- Problem: Lines holding the string "gamma": copy each one from the listing below.

- Material provided:
=== Section Start ===
lemma upper_barrier_deviation_bounded:
  assumes "\<delta> \<ge> 0" "\<eta> \<ge> 0" "0 \<le> t" "t \<le> 2"
  shows "m * x + \<delta> * \<bar>x + \<alpha>\<bar> - upper_barrier m b \<delta> \<alpha> \<eta> (x, t) \<le> 2 * \<bar>b\<bar> + \<delta> * (2 * \<bar>\<alpha>\<bar> + \<eta>)"
proof -
  have "\<bar>smooth_cone \<alpha> (\<eta>\<^sup>2) 0 (x, t) - \<bar>x + \<alpha>\<bar>\<bar> \<le> 2 * \<bar>\<alpha>\<bar> + \<eta>"
    using smooth_cone_minus_abs_bounded[of "\<eta>\<^sup>2" t 2 \<alpha> 0 x] assms by (simp add: mult.commute)
  then have "\<bar>\<delta> * (smooth_cone \<alpha> (\<eta>\<^sup>2) 0 (x, t) - \<bar>x + \<alpha>\<bar>)\<bar> \<le> \<delta> * (2 * \<bar>\<alpha>\<bar> + \<eta>)"
    using assms(1) by (simp add: abs_mult mult_left_mono)
  moreover have "\<bar>b * t\<bar> \<le> 2 * \<bar>b\<bar>"
    using mult_left_mono[of t 2 "\<bar>b\<bar>"] assms(3,4) by (simp add: abs_mult mult.commute)
  ultimately show ?thesis
    unfolding upper_barrier_def abs_le_iff by (simp add: algebra_simps)
qed

lemma inviscid_solution_le_upper_barrier:
  assumes lin: "\<forall>p\<in>{m - 2 * \<delta><..<m + 2 * \<delta>}. F p = \<alpha> * p + \<beta>"
    and sol: "visc_solution 0 F (\<lambda>x. m * x + \<delta> * \<bar>x + \<alpha>\<bar>) u"
    and "\<delta> > 0" "\<gamma> > 0" "\<eta> > 0"
  shows "u (0, 1) \<le> upper_barrier m (\<gamma> - F m) \<delta> \<alpha> \<eta> (0, 1)"
proof -
  obtain \<rho> where \<rho>: "0 < \<rho>" "\<rho> < \<delta>" "\<bar>\<alpha>\<bar> * \<rho> < \<gamma>"
    using small_perturbation_bound[OF \<open>\<delta> > 0\<close> \<open>\<gamma> > 0\<close> abs_ge_zero] by blast
  obtain C where C: "\<And>x t. 0 \<le> t \<Longrightarrow> t \<le> 2 \<Longrightarrow> \<bar>u (x, t) - (m * x + \<delta> * \<bar>x + \<alpha>\<bar>)\<bar> \<le> C"
    using visc_solution_deviation_bounded[OF sol, of 2] by auto
  show ?thesis
  proof (rule comparison_with_strict_supersolution[OF _ visc_solution_imp_subsolution[OF sol]
        test_fun_upper_barrier[OF \<open>\<eta> > 0\<close>] \<open>\<rho> > 0\<close>,
        where T = 2 and B = "C + 2 * \<bar>\<gamma> - F m\<bar> + \<delta> * (2 * \<bar>\<alpha>\<bar> + \<eta>)"])
    show "continuous_on (UNIV \<times> {0..}) u"
      using sol by (simp add: visc_solution_def)
  next
    fix p :: "real \<times> real" and d e s :: real
    assume "0 < snd p" "snd p < 2" "\<bar>d\<bar> \<le> \<rho>" "\<bar>e\<bar> \<le> \<rho>" "0 \<le> s"
    define q where "q = smooth_cone_dx \<alpha> (\<eta>\<^sup>2) 0 p"
    have "\<bar>q\<bar> \<le> 1"
      using abs_smooth_cone_dx_le_1 \<open>\<eta> > 0\<close> by (simp add: q_def)
    then have "F (m + \<delta> * q + d) = F m + \<alpha> * (\<delta> * q + d)"
      using affine_at_perturbed_slope[OF lin] \<rho> \<open>\<bar>d\<bar> \<le> \<rho>\<close> by simp
    moreover have "\<bar>\<alpha> * d\<bar> < \<gamma>"
      using mult_left_mono[OF \<open>\<bar>d\<bar> \<le> \<rho>\<close> abs_ge_zero[of \<alpha>]] \<rho>(3) by (simp add: abs_mult)
    ultimately show "0 < \<gamma> - F m + \<delta> * smooth_cone_dt \<alpha> (\<eta>\<^sup>2) 0 p + s
        + F (m + \<delta> * smooth_cone_dx \<alpha> (\<eta>\<^sup>2) 0 p + d) - 0 * (\<delta> * smooth_cone_dxx \<alpha> (\<eta>\<^sup>2) 0 p + e)"
      using \<open>0 \<le> s\<close> by (simp add: smooth_cone_dt_def q_def[symmetric] algebra_simps abs_less_iff)
  next
    fix x
    have "u (x, 0) = m * x + \<delta> * \<bar>x + \<alpha>\<bar>"
      using sol by (simp add: visc_solution_def)
    with upper_barrier_initial_ge[of \<delta> m x \<alpha> "\<gamma> - F m" \<eta>] \<open>\<delta> > 0\<close>
    show "u (x, 0) \<le> upper_barrier m (\<gamma> - F m) \<delta> \<alpha> \<eta> (x, 0)"
      by simp
  next
    fix x t :: real
    assume "0 \<le> t" "t < 2"
    with C[of t x] upper_barrier_deviation_bounded[of \<delta> \<eta> t m x \<alpha> "\<gamma> - F m"] \<open>\<delta> > 0\<close> \<open>\<eta> > 0\<close>
    show "u (x, t) - upper_barrier m (\<gamma> - F m) \<delta> \<alpha> \<eta> (x, t) \<le> C + 2 * \<bar>\<gamma> - F m\<bar> + \<delta> * (2 * \<bar>\<alpha>\<bar> + \<eta>)"
      by (simp add: abs_le_iff)
  qed simp_all
qed

lemma inviscid_solution_upper_bound:
  assumes "\<forall>p\<in>{m - 2 * \<delta><..<m + 2 * \<delta>}. F p = \<alpha> * p + \<beta>"
    and "visc_solution 0 F (\<lambda>x. m * x + \<delta> * \<bar>x + \<alpha>\<bar>) u" "\<delta> > 0"
  shows "u (0, 1) \<le> - F m"
proof (rule field_le_epsilon)
  fix e :: real
  assume "e > 0"
  then have "u (0, 1) \<le> upper_barrier m (e / 2 - F m) \<delta> \<alpha> (e / (2 * \<delta>)) (0, 1)"
    using assms by (intro inviscid_solution_le_upper_barrier[OF assms(1,2)]) simp_all
  also have "\<dots> = - F m + e"
    using \<open>e > 0\<close> \<open>\<delta> > 0\<close> by (simp add: upper_barrier_def smooth_cone_def)
  finally show "u (0, 1) \<le> - F m + e" .
qed

lemma viscous_barrier_inequality:
  fixes \<sigma> R \<epsilon> :: real
  assumes "0 < \<sigma>" "0 < R" "\<sigma>\<^sup>2 \<le> 3 * \<epsilon>"
  shows "\<sigma>\<^sup>2 / (4 * R) - \<sigma> / 12 - \<epsilon> * \<sigma>\<^sup>2 / R ^ 3 \<le> 0"
proof -
  have "12 * R ^ 3 * (\<sigma>\<^sup>2 / (4 * R) - \<sigma> / 12 - \<epsilon> * \<sigma>\<^sup>2 / R ^ 3)
      = 3 * \<sigma>\<^sup>2 * R\<^sup>2 - \<sigma> * R ^ 3 - 12 * \<epsilon> * \<sigma>\<^sup>2"
    using assms(2) by (simp add: field_simps power2_eq_square power3_eq_cube)
  also have "\<dots> \<le> 3 * \<sigma>\<^sup>2 * R\<^sup>2 - \<sigma> * R ^ 3 - 4 * \<sigma>\<^sup>2 * \<sigma>\<^sup>2"
    using mult_left_mono[OF assms(3), of "4 * \<sigma>\<^sup>2"] by simp
  also have "\<dots> = - \<sigma> * (R - 2 * \<sigma>)\<^sup>2 * (R + \<sigma>)"
    by (simp add: algebra_simps power2_eq_square power3_eq_cube)
  also have "\<dots> \<le> 0"
    using assms(1,2) by simp
  finally show ?thesis
    using assms(2) by (simp add: mult_le_0_iff)
qed

lemma smooth_cone_viscous_subsolution:
  assumes "\<epsilon> > 0" "snd p < 2"
  shows "smooth_cone_dt \<alpha> \<epsilon> (1 / 2) p + \<alpha> * smooth_cone_dx \<alpha> \<epsilon> (1 / 2) p
    - sqrt \<epsilon> / 12 * exp (snd p / 4) - \<epsilon> * smooth_cone_dxx \<alpha> \<epsilon> (1 / 2) p \<le> 0"
proof -
  define R where "R = smooth_cone \<alpha> \<epsilon> (1 / 2) p"
  define \<sigma> where "\<sigma> = sqrt \<epsilon> * exp (snd p / 4)"
  have "R > 0" "\<sigma> > 0"
    using smooth_cone_pos assms(1) by (simp_all add: R_def \<sigma>_def)
  have "exp (snd p / 4) ^ 2 = exp (1 / 2 * snd p)"
    by (simp add: power2_eq_square flip: exp_add)
  then have \<sigma>_sq: "\<sigma>\<^sup>2 = \<epsilon> * exp (1 / 2 * snd p)"
    using assms(1) by (simp add: \<sigma>_def power_mult_distrib)
  have "exp (1 / 2 * snd p) \<le> exp 1"
    using assms(2) by simp
  also have "\<dots> \<le> 3"
    by (rule exp_le)
  finally have "\<sigma>\<^sup>2 \<le> 3 * \<epsilon>"
    using assms(1) by (simp add: \<sigma>_sq)
  moreover have "smooth_cone_dt \<alpha> \<epsilon> (1 / 2) p = \<sigma>\<^sup>2 / (4 * R) - \<alpha> * smooth_cone_dx \<alpha> \<epsilon> (1 / 2) p"
    by (simp add: smooth_cone_dt_def \<sigma>_sq R_def)
  moreover have "smooth_cone_dxx \<alpha> \<epsilon> (1 / 2) p = \<sigma>\<^sup>2 / R ^ 3"
    by (simp add: smooth_cone_dxx_def \<sigma>_sq R_def)
  moreover have "sqrt \<epsilon> / 12 * exp (snd p / 4) = \<sigma> / 12"
    by (simp add: \<sigma>_def)
  ultimately show ?thesis
    using viscous_barrier_inequality[OF \<open>\<sigma> > 0\<close> \<open>R > 0\<close>] by simp
qed

definition lower_barrier :: "real \<Rightarrow> real \<Rightarrow> real \<Rightarrow> real \<Rightarrow> real \<Rightarrow> real \<times> real \<Rightarrow> real" where
  "lower_barrier m b \<delta> \<alpha> \<epsilon> p = m * fst p + b * snd p + \<delta> * smooth_cone \<alpha> \<epsilon> (1 / 2) p
     - \<delta> * sqrt \<epsilon> / 3 * (2 + exp (snd p / 4))"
=== Section End ===
- Answer to the exercise:
    and "\<delta> > 0" "\<gamma> > 0" "\<eta> > 0"
  shows "u (0, 1) \<le> upper_barrier m (\<gamma> - F m) \<delta> \<alpha> \<eta> (0, 1)"
  obtain \<rho> where \<rho>: "0 < \<rho>" "\<rho> < \<delta>" "\<bar>\<alpha>\<bar> * \<rho> < \<gamma>"
    using small_perturbation_bound[OF \<open>\<delta> > 0\<close> \<open>\<gamma> > 0\<close> abs_ge_zero] by blast
        where T = 2 and B = "C + 2 * \<bar>\<gamma> - F m\<bar> + \<delta> * (2 * \<bar>\<alpha>\<bar> + \<eta>)"])
    moreover have "\<bar>\<alpha> * d\<bar> < \<gamma>"
    ultimately show "0 < \<gamma> - F m + \<delta> * smooth_cone_dt \<alpha> (\<eta>\<^sup>2) 0 p + s
    with upper_barrier_initial_ge[of \<delta> m x \<alpha> "\<gamma> - F m" \<eta>] \<open>\<delta> > 0\<close>
    show "u (x, 0) \<le> upper_barrier m (\<gamma> - F m) \<delta> \<alpha> \<eta> (x, 0)"
    with C[of t x] upper_barrier_deviation_bounded[of \<delta> \<eta> t m x \<alpha> "\<gamma> - F m"] \<open>\<delta> > 0\<close> \<open>\<eta> > 0\<close>
    show "u (x, t) - upper_barrier m (\<gamma> - F m) \<delta> \<alpha> \<eta> (x, t) \<le> C + 2 * \<bar>\<gamma> - F m\<bar> + \<delta> * (2 * \<bar>\<alpha>\<bar> + \<eta>)"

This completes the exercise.